Saturday, March 07, 2015

People - the- magazine

Chad  Love sent a comment that was slighly embarrassed about finding a good review of Helen's H is for Hawk in People. I replied at such length I thought I might put it up here.

Don't worry, Chad. A few thoughts...

1) When Rage for Falcons came out in 84, I got the usual box of free author's copies. The first went to someone I had never met, the late Patricia Ryan-- you can search my obit for her here.
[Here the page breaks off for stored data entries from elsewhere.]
(* Let $(\pi_r)_{r\in\mathbb{N}}$ be periods with $\pi_r\ge2$ for all $r$, and let $(K_t)_{t\in\mathbb{N}}$ be the multiperiodic process with periods $(\pi_r)$. For $T\in\mathbb{N}$ define the random set of types $\mathcal{N}_T:=\{K_1,\dots,K_T\}\cap\mathbb{N}$, and the deterministic sets $$\mathcal{A}_T:=\{r\in\mathbb{N}:\bar w_r\le T\},\qquad \mathcal{B}_T:=\{r\in\mathbb{N}:P(K_1=r)\ge 1/T\},$$ where $\bar w_r:=v_1$ with $v_r:=\pi_r$ and $v_i:=v_{i+1}\pi_i/(\pi_i-1)+1$ for $i=r-1,\dots,1$. Then $$\operatorname{card}\mathcal{A}_T\le \mathbb{E}\operatorname{card}\mathcal{N}_T\le \operatorname{card}\mathcal{B}_T+T\,P(K_1\notin\mathcal{B}_T).$$
   Context: $\mathbb{N}=\{1,2,3,\dots\}$. Multiperiodic sequence with periods $\pi_r\in\mathbb{N}$ and seeds $\sigma_r\in\{1,\dots,\pi_r\}$: the sequence $(k_t)_{t\in\mathbb{N}}$ with values in $\mathbb{N}\cup\{\infty\}$ such that for each $r$, the subsequence obtained from $(k_t)$ by deleting all tokens $k_t<r$, denoted $(k^{(r)}_t)_{t\in\mathbb{N}}$, satisfies $k^{(r)}_t=r\iff t\equiv\sigma_r\pmod{\pi_r}$; entries left undefined for all $r$ are set to $\infty$. Equivalently: clocks $\phi_r$ start at $\sigma_r$; for each token, scan $r=1,2,\dots$, decrementing each clock with $\phi_r>1$, until the first $r$ with $\phi_r=1$, output that $r$ and reset $\phi_r=\pi_r$. The multiperiodic process with periods $(\pi_r)$ is the random multiperiodic sequence with these periods and independent random seeds $\Sigma_r$ uniformly distributed on $\{1,\dots,\pi_r\}$; it is stationary, so $P(K_t=r)$ does not depend on $t$. *)

theory Defs
  imports "HOL-Probability.Probability" "HOL-Library.Extended_Nat"
begin

text \<open>Periods and seeds are functions on nat; only indices r \<ge> 1 are meaningful
  (the paper's index set is {1,2,3,...}). Tokens take values in enat (\<infinity> allowed).\<close>

definition first_one :: "(nat \<Rightarrow> nat) \<Rightarrow> enat" where
  "first_one \<phi> = (if \<exists>r\<ge>1. \<phi> r = 1 then enat (LEAST r. r \<ge> 1 \<and> \<phi> r = 1) else \<infinity>)"

definition clock_step :: "(nat \<Rightarrow> nat) \<Rightarrow> (nat \<Rightarrow> nat) \<Rightarrow> (nat \<Rightarrow> nat)" where
  "clock_step \<pi> \<phi> = (\<lambda>r. if r \<ge> 1 \<and> enat r < first_one \<phi> then (if \<phi> r > 1 then \<phi> r - 1 else \<phi> r)
                         else if enat r = first_one \<phi> then \<pi> r else \<phi> r)"

primrec clocks :: "(nat \<Rightarrow> nat) \<Rightarrow> (nat \<Rightarrow> nat) \<Rightarrow> nat \<Rightarrow> (nat \<Rightarrow> nat)" where
  "clocks \<pi> \<sigma> 0 = \<sigma>"
| "clocks \<pi> \<sigma> (Suc n) = clock_step \<pi> (clocks \<pi> \<sigma> n)"

text \<open>The multiperiodic sequence k_t, for t \<ge> 1.\<close>
definition mp_seq :: "(nat \<Rightarrow> nat) \<Rightarrow> (nat \<Rightarrow> nat) \<Rightarrow> nat \<Rightarrow> enat" where
  "mp_seq \<pi> \<sigma> t = first_one (clocks \<pi> \<sigma> (t - 1))"

text \<open>Law of the independent uniform seeds \<Sigma>_r on {1..\<pi>_r} (r \<ge> 1);
  the dummy coordinate 0 is set to the constant 1.\<close>
definition seed_measure :: "(nat \<Rightarrow> nat) \<Rightarrow> (nat \<Rightarrow> nat) measure" where
  "seed_measure \<pi> = (\<Pi>\<^sub>M r\<in>UNIV. measure_pmf (if r = 0 then return_pmf 1 else pmf_of_set {1..\<pi> r}))"

text \<open>v_i for the auxiliary recursion: wv \<pi> r k = v_{r-k}, with v_r = \<pi>_r and
  v_i = v_{i+1} \<pi>_i/(\<pi>_i - 1) + 1.\<close>
primrec wv :: "(nat \<Rightarrow> nat) \<Rightarrow> nat \<Rightarrow> nat \<Rightarrow> real" where
  "wv \<pi> r 0 = real (\<pi> r)"
| "wv \<pi> r (Suc k) = wv \<pi> r k * real (\<pi> (r - Suc k)) / (real (\<pi> (r - Suc k)) - 1) + 1"

definition wbar :: "(nat \<Rightarrow> nat) \<Rightarrow> nat \<Rightarrow> real" where
  "wbar \<pi> r = wv \<pi> r (r - 1)"

end

(*
  Let n_i(t) be the number of the first t tokens that are at least i. Between two occurrences
  of type i, clock i is decremented by every token larger than i and then reset from 1 to pi_i;
  this balance gives n_i(t) <= n_(i+1)(t) pi_i / (pi_i - 1) + 1. Starting from n_1(T) = T, the
  recursion defining wbar yields n_r(T) >= pi_r whenever wbar r <= T. If type r did not occur
  among the first T tokens, these tokens would all be larger than r and would decrement clock r
  more than pi_r - 1 times, which is impossible. So for every admissible seed, hence almost
  surely, each type in A_T is seen by time T.

  For the upper bound, a type outside B_T can only be seen at a time t with K_t not in B_T, so
  card N_T <= card B_T + #{t <= T. K_t not in B_T}, and the expectation of the last term is
  T P(K_1 not in B_T) by stationarity. Stationarity holds because the clock step, restricted to
  the first R clocks, permutes the finitely many admissible states of these clocks, whose joint
  law is uniform. Finally B_T is finite because the events K_1 = r are disjoint.
*)
theory Submission
  imports Defs
begin

section \<open>Cylinder events of products of uniform distributions\<close>




lemma sets_restrict_cylinder:
  fixes p :: "'i \<Rightarrow> 'b::countable pmf"
  assumes "finite J"
  shows "{\<sigma>. Q (restrict \<sigma> J)} \<in> sets (\<Pi>\<^sub>M i\<in>UNIV. measure_pmf (p i))"
proof -
  let ?M = "\<Pi>\<^sub>M i\<in>UNIV. measure_pmf (p i)"
  have "(\<lambda>\<sigma>. restrict \<sigma> J) \<in> ?M \<rightarrow>\<^sub>M (\<Pi>\<^sub>M i\<in>J. count_space UNIV)"
    using measurable_component_singleton[of _ UNIV "\<lambda>i. measure_pmf (p i)"]
    by (intro measurable_restrict) (simp add: measurable_pmf_measure2)
  also have "(\<Pi>\<^sub>M i\<in>J. count_space UNIV) = count_space (\<Pi>\<^sub>E i\<in>J. (UNIV :: 'b set))"
    using assms by (intro count_space_PiM_finite) simp_all
  finally have "(\<lambda>\<sigma>. Q (restrict \<sigma> J)) \<in> ?M \<rightarrow>\<^sub>M count_space UNIV"
    by (rule measurable_compose[OF _ measurable_count_space])
  from measurable_sets[OF this, of "{True}"] show ?thesis by (simp add: space_PiM vimage_def)
qed

lemma AE_PiM_in_set_pmf:
  fixes p :: "'i::countable \<Rightarrow> 'b pmf"
  shows "AE \<sigma> in (\<Pi>\<^sub>M i\<in>UNIV. measure_pmf (p i)). \<forall>i. \<sigma> i \<in> set_pmf (p i)"
proof -
  interpret product_prob_space "\<lambda>i. measure_pmf (p i)" UNIV
    by (intro product_prob_spaceI prob_space_measure_pmf)
  have "AE \<sigma> in (\<Pi>\<^sub>M i\<in>UNIV. measure_pmf (p i)). \<sigma> i \<in> set_pmf (p i)" for i
    by (rule AE_component[of i "\<lambda>x. x \<in> set_pmf (p i)"]) (auto intro: AE_pmfI)
  then show ?thesis unfolding AE_all_countable ..
qed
She is probably the reason good sporting literature still exists in the US. In the late sixties, as editor of Sports Illustrated, she published the hunting and fishing journalism of Tom McGuane, Jim Harrison, Russ Chatham, Gatz Hjotsberg, and some others we don't see as much of today. Add the already seasoned Bob Jones, who wrote the stories for the most Time Magazine covers ever but had previously had no outlet for his hunting stories, nature writers like Bil Gilbert, England's Clive Gammon on angling, Dan Gerber on auto racing, and you have the roots of the renaissance of sporting letters that crested in Gray's Sporting Journal and that still sputters on today.

They inspired me, but I had no idea how to approach SI in my early, ever un- credentialed 20's. But when Gray's started up, with offices on Beacon Street in Brookline, I just walked in--a story to be told soon..

People? By the time Rage came out, Pat had been moved over to run the struggling People. Her version was far more intelligent than the present version (maybe her celebrities were slightly less vapid) but it was still People. My friend Eric, who occasionally comments here, had sold some high- end Asian rugs to Pat in Maine, and gave me her address.

I sent her the first copy of Rage, with an inscription saying that it would not have existed without her. She never replied, but in a month or maybe slightly less, a review of a falconry book, with one of Jonathan Wilde's illos and a photo of ME, appeared in People's then rather prominent review section. I suspect Helen and I are the only falconry books ever reviewed there.

2) Around that time, someone from the east was visiting, and began to give me crap about the People on the bedside table. I picked it up to reveal a tattered copy of Montaigne's complete essays under it, dogeared and lined, and said "when you show me this beside your bed, you can give me grief about People."


1 comment:

Chad Love said...

Great story, Steve. If I'm honest, working for People was actually a pretty neat experience. I did my share of celebrity stalking and other such inanity, but I also did some pretty good "real people" stuff, too. And the process itself was very professional, with a rigorous reporting and fact-checking process, etc. I liked to tell people that while the end product may have been superficial, the process of creating that bit of meaningless fluff was top-notch.